– Хорк-ха тха-гу, – отвечает полулюд и согласно дергает пятачком на оплывшем кабаньем рыле. Я только сейчас замечаю, что в руках у него – массивный котелок. Хорха опускает его на стол, лязгая крышкой, и из зазора валит пар с насыщенным рыбным запахом.
– Свинуш-цеховик, – озвучиваю я свое внезапное открытие.
– Наблю… дательный, – икает Табита.
– Но ведь свинуши как рабы, – недоверчиво объясняю я свое удивление. – В Республике они за еду и крышу работают, а здесь… Цеховик?
– Бехровия – свободный город, сынок, – гордо поясняет Табита. – Бесправных здесь не бывает, ага. Что человек, что гремлин, что свинуш – разницы нет. Здесь каждый получает ровно столько, сколько может заработать честным трудом. А респы – просто гамоны. И их гамоново «равенство» – пустая брехня.
– А где ж мои права, раз Бехровия такая вся из себя замечательная? – огрызаюсь.
– Вместе с правами приходят и обязанности, – отвечает женщина. – Так что, как мастер – цеховику, советую тебе перестать вякать о своих законных правах, не то придется и за преступления по закону ответить.
– Когда мы Хорху взяли, – скрипит старик, пытаясь сменить тему, – он-то на котельной трудился. Угольщиком, значит. Совсем плохой был, тощий, больной…

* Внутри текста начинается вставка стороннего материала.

text \<open>Each tiling has exactly one brick through v, and removing it is a bijection onto the tilings
  of the rest of the region.\<close>
lemma card_region_tilings_split:
  assumes "finite R" "v \<in> R"
  shows "card (region_tilings a b c R) =
    (\<Sum>B \<in> {B. is_brick a b c B \<and> v \<in> B \<and> B \<subseteq> R}. card (region_tilings a b c (R - B)))"
proof -
  let ?til = "region_tilings a b c"
  let ?K = "{B. is_brick a b c B \<and> v \<in> B \<and> B \<subseteq> R}"
  have "finite ?K" by (rule finite_subset[of _ "Pow R"]) (use assms(1) in auto)
  have cover: "?til R = (\<Union>B\<in>?K. {P \<in> ?til R. B \<in> P})"
  proof (intro equalityI subsetI)
    fix P assume P: "P \<in> ?til R"
    then obtain B where "B \<in> P" "v \<in> B" using assms(2) unfolding region_tilings_def by auto
    with P show "P \<in> (\<Union>B\<in>?K. {P \<in> ?til R. B \<in> P})" unfolding region_tilings_def by auto
  qed auto
  have disjoint: "{P \<in> ?til R. B1 \<in> P} \<inter> {P \<in> ?til R. B2 \<in> P} = {}"
    if "B1 \<in> ?K" "B2 \<in> ?K" "B1 \<noteq> B2" for B1 B2
    using that unfolding region_tilings_def by blast
  have remove: "card {P \<in> ?til R. B \<in> P} = card (?til (R - B))" if B: "B \<in> ?K" for B
  proof (rule bij_betw_same_card[of "\<lambda>P. P - {B}"], rule bij_betw_byWitness[of _ "insert B"])
    show "\<forall>Q\<in>?til (R - B). insert B Q - {B} = Q"
    proof
      fix Q assume "Q \<in> ?til (R - B)"
      then have "B \<notin> Q" using B unfolding region_tilings_def by blast
      then show "insert B Q - {B} = Q" by simp
    qed
    show "(\<lambda>P. P - {B}) ` {P \<in> ?til R. B \<in> P} \<subseteq> ?til (R - B)"
      using remove_brick_region_tilings by blast
    show "insert B ` ?til (R - B) \<subseteq> {P \<in> ?til R. B \<in> P}"
      using insert_brick_region_tilings B by blast
  qed auto
  have "card (?til R) = (\<Sum>B\<in>?K. card {P \<in> ?til R. B \<in> P})"
    by (subst cover, rule card_UN_disjoint)
      (use \<open>finite ?K\<close> finite_region_tilings[OF assms(1)] disjoint in auto)
  then show ?thesis using remove by simp
qed

section \<open>Filling the 3 x 4 box layer by layer\<close>

definition corner_bricks :: "nat \<Rightarrow> nat \<Rightarrow> nat \<Rightarrow> cell set set" where
  "corner_bricks x y z = {cuboid x y z 2 2 1} \<union>
     (if 0 < z then {cuboid x y (z - 1) 2 1 2, cuboid x y (z - 1) 1 2 2} else {})"

lemma brick_122_cuboid:
  "(p, q, r) \<in> {(1, 2, 2), (2, 1, 2), (2, 2, 1)} \<Longrightarrow> is_brick 1 2 2 (cuboid x y z p q r)"
  unfolding is_brick_def by blast
text \<open>Let \<open>d\<^sub>1, d\<^sub>2\<close> be the two neighbours of \<open>a\<close> in \<open>D\<close> and suppose \<open>a \<notin> S\<close>.
  Excluding hexagons and heptagons through \<open>x\<close>, one shows: every vertex of \<open>A\<close> other than \<open>a\<close> is
  adjacent to \<open>a\<close>; hence a vertex \<open>s \<noteq> a\<close> of \<open>N\<^sub>2(x)\<close> adjacent to \<open>d\<^sub>1\<close> is not in \<open>A\<close> (as
  \<open>A \<notin> A\<^sup>*\<close>, some vertex of \<open>A\<close> sees a neighbour of \<open>x\<close> that \<open>a\<close> misses); and then every vertex
  of the component \<open>B\<close> of \<open>s\<close> sees only \<open>d\<^sub>1\<close> or \<open>d\<^sub>2\<close> in \<open>N(x)\<close>, never both, since
  \<open>B \<notin> A\<^sup>*\<close>. Walking in \<open>B\<close> from \<open>s\<close> to a vertex that sees \<open>d\<^sub>2\<close>, the first such vertex
  \<open>q\<close> is adjacent to \<open>s\<close>: otherwise its two predecessors \<open>p, u\<close> see \<open>d\<^sub>1\<close> and
  \<open>x d\<^sub>1 p u q d\<^sub>2\<close> is a hexagon. Doing this for neighbours
  \<open>s, s' \<in> S\<close> of \<open>d\<^sub>1\<close> and \<open>d\<^sub>2\<close> gives \<open>q\<close> and \<open>p\<close>, and \<open>d\<^sub>1 s q d\<^sub>2 s' p\<close> is a hexagon.\<close>

abbreviation induced :: "('a \<Rightarrow> 'a \<Rightarrow> bool) \<Rightarrow> 'a set \<Rightarrow> 'a \<Rightarrow> 'a \<Rightarrow> bool" where
  "induced E W a b \<equiv> a \<in> W \<and> b \<in> W \<and> E a b"

lemma induced_rtranclp_mem: "(induced E W)\<^sup>*\<^sup>* u v \<Longrightarrow> u \<in> W \<Longrightarrow> v \<in> W"
  by (induction rule: rtranclp_induct) auto

lemma components_subset: "C \<in> components E W \<Longrightarrow> C \<subseteq> W"
  unfolding components_def by (auto intro: induced_rtranclp_mem)

lemma component_of_mem: "s \<in> W \<Longrightarrow> {v. (induced E W)\<^sup>*\<^sup>* s v} \<in> components E W"
  unfolding components_def by blast

lemma symp_induced: "symp E \<Longrightarrow> symp (induced E W)"
  by (auto intro!: sympI dest: sympD)

lemma component_eq:
  assumes "symp E" "C \<in> components E W" "s \<in> C"
  shows "C = {v. (induced E W)\<^sup>*\<^sup>* s v}"
proof -
  from assms(2) obtain u where C: "C = {v. (induced E W)\<^sup>*\<^sup>* u v}"
    unfolding components_def by blast
  with assms(3) have us: "(induced E W)\<^sup>*\<^sup>* u s" by blast
  have "(induced E W)\<^sup>*\<^sup>* s u"
    using us symp_rtranclp[OF symp_induced[OF assms(1)]] by (blast dest: sympD)
  with us show ?thesis
    unfolding C by (auto intro: rtranclp_trans)
qed
lemma has_vector_derivative_difference_quotient:
  fixes g :: "real \<Rightarrow> 'a::real_normed_vector"
  assumes "(g has_vector_derivative D) (at x)"
  shows "((\<lambda>h. (g (x + h) - g x) /\<^sub>R h) \<longlongrightarrow> D) (at 0)"
proof -
  have "((\<lambda>h. norm (g (x + h) - g x - h *\<^sub>R D) / norm h) \<longlongrightarrow> 0) (at 0)"
    using assms by (simp add: has_vector_derivative_def has_derivative_at)
  moreover have "\<forall>\<^sub>F h in at 0.
      norm (g (x + h) - g x - h *\<^sub>R D) / norm h = norm ((g (x + h) - g x) /\<^sub>R h - D)"
  proof (rule eventually_at_filter[THEN iffD2, OF always_eventually], intro allI impI)
    fix h :: real assume "h \<noteq> 0"
    then have "(g (x + h) - g x) /\<^sub>R h - D = (g (x + h) - g x - h *\<^sub>R D) /\<^sub>R h"
      by (simp add: algebra_simps)
    then show "norm (g (x + h) - g x - h *\<^sub>R D) / norm h = norm ((g (x + h) - g x) /\<^sub>R h - D)"
      by (simp add: divide_inverse)
  qed
  ultimately have "((\<lambda>h. norm ((g (x + h) - g x) /\<^sub>R h - D)) \<longlongrightarrow> 0) (at 0)"
    by (rule Lim_transform_eventually)
  then show ?thesis
    by (simp add: tendsto_norm_zero_iff LIM_zero_iff)
qed

lemma has_vector_derivative_difference_quotient_sequentially:
  fixes g :: "real \<Rightarrow> 'a::real_normed_vector"
  assumes "(g has_vector_derivative D) (at x)" "d \<longlonglongrightarrow> 0" "\<And>k. d k \<noteq> 0"
  shows "(\<lambda>k. (g (x + d k) - g x) /\<^sub>R d k) \<longlonglongrightarrow> D"
  using has_vector_derivative_difference_quotient[OF assms(1)]
  by (rule filterlim_compose) (use assms(2,3) in \<open>auto intro: filterlim_atI\<close>)

lemma lipschitz_difference_quotient_le:
  fixes q :: "real \<Rightarrow> 'a::real_normed_vector"
  assumes "L-lipschitz_on UNIV q" "d \<noteq> 0"
  shows "norm ((q (t + d) - q t) /\<^sub>R d) \<le> L"
proof -
  have "norm (q (t + d) - q t) \<le> L * \<bar>d\<bar>"
    using lipschitz_onD[OF assms(1), of "t + d" t] by (simp add: dist_norm)
  then have "norm (q (t + d) - q t) / \<bar>d\<bar> \<le> L"
    using assms(2) by (simp add: pos_divide_le_eq)
  then show ?thesis
    by (simp add: divide_inverse_commute)
qed

lemma integrable_continuous_on_UNIV:
  fixes f :: "real \<Rightarrow> 'a::banach"
  assumes "continuous_on UNIV f"
  shows "f integrable_on {a..b}"
  by (rule integrable_continuous_real[OF continuous_on_subset[OF assms]]) simp
lemma inverse_partial_fractions:
  obtains \<beta> where "\<And>z. z \<notin> S \<union> zeros \<Longrightarrow> 1 / f z = herglotz_sum \<beta> inverse_weight zeros z"
proof -
  have "infinite (sphere 0 1 - (S \<union> zeros))"
    using finite_S finite_zeros by (intro Diff_infinite_finite infinite_unit_circle) auto
  then obtain z0 where "z0 \<in> sphere 0 1 - (S \<union> zeros)"
    using infinite_imp_nonempty by blast
  then have z0: "cmod z0 = 1" "z0 \<notin> S \<union> zeros"
    by auto
  define C where "C = 1 / f z0 - (\<Sum>t\<in>zeros. of_real (inverse_weight t) * ((t + z0) / (t - z0)))"
  have "Re (1 / f z0) = 0"
    using Re_f[of z0] z0(1) by (simp add: Re_divide')
  moreover have "Re (of_real (inverse_weight t) * ((t + z0) / (t - z0))) = 0" if "t \<in> zeros" for t
    using Re_herglotz_kernel[OF norm_zeros[OF that], of z0] z0(1) unfolding Re_of_real_mult by simp
  ultimately have "Re C = 0"
    unfolding C_def minus_complex.sel Re_sum by simp
  have "1 / f z = herglotz_sum (Im C) inverse_weight zeros z" if z: "z \<notin> S \<union> zeros" for z
  proof -
    have "poly numer z \<noteq> 0" "poly denom z \<noteq> 0"
      using z by (auto simp: zeros_def poly_denom_eq_0_iff)
    have "poly denom z = poly numer z * (C + (\<Sum>t\<in>zeros. of_real (inverse_weight t) * ((t + z) / (t - z))))"
      using arg_cong[OF denom_eq_partial_fractions[OF z0(2), folded C_def], of "\<lambda>p. poly p z"]
        poly_residue_poly[of z] z
      by (simp add: algebra_simps)
    moreover have "f z = poly numer z / poly denom z"
      using poly_numer[of z] z \<open>poly denom z \<noteq> 0\<close> by simp
    ultimately have "1 / f z = C + (\<Sum>t\<in>zeros. of_real (inverse_weight t) * ((t + z) / (t - z)))"
      using \<open>poly numer z \<noteq> 0\<close> by simp
    with \<open>Re C = 0\<close> show ?thesis
      by (simp add: herglotz_sum_def complex_eq_iff)
  qed
  then show ?thesis
    using that by blast
qed


end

– Хозяин котельной споил его, гамон, – Табита выпячивает челюсть. – Дошло до того, что Хорха работал за спирт, будто мы в каком-нибудь Стоцке! Но мы всё утрясли… По-своему, – она мрачно улыбается, прикрыв глаза болотного цвета. – Иногда можно и забыть о правах тех, кто сам о чужих правах забывает.
– Таби! – шикает на нее Строжка.
– Но это неправильно, ага, – поправляется женщина. – В общем, Хорха теперь полноправный цеховик.
– Мы-то отучили его от спирта, да вот от силосной водки никак не удается… – гнет свое Строжка.
Помбей. Я вдруг вспоминаю, как расплескал флягу этого пойла тогда в Прибехровье.
Какая же хитрая баба…
– Так вот на кой черт ты достала помбей, когда мы вели нашу милую беседу, – щурюсь я. – Ты приманила свинуша на запах.
– Ха, раскусил-таки, – довольно щерится Табита. – Ловкий прием, ага?
– Шельма, – цежу я, обиженный на себя за собственную глупость. Я ведь еще и сам метнул ту дьяволову флягу… А для чуткого свинушьего обоняния это было похлеще взрыва на парфюмерной фабрике. Идиот.
Лих, до того сосредоточенно ковырявший в зубах плоской деревяшкой, вдруг влезает в разговор.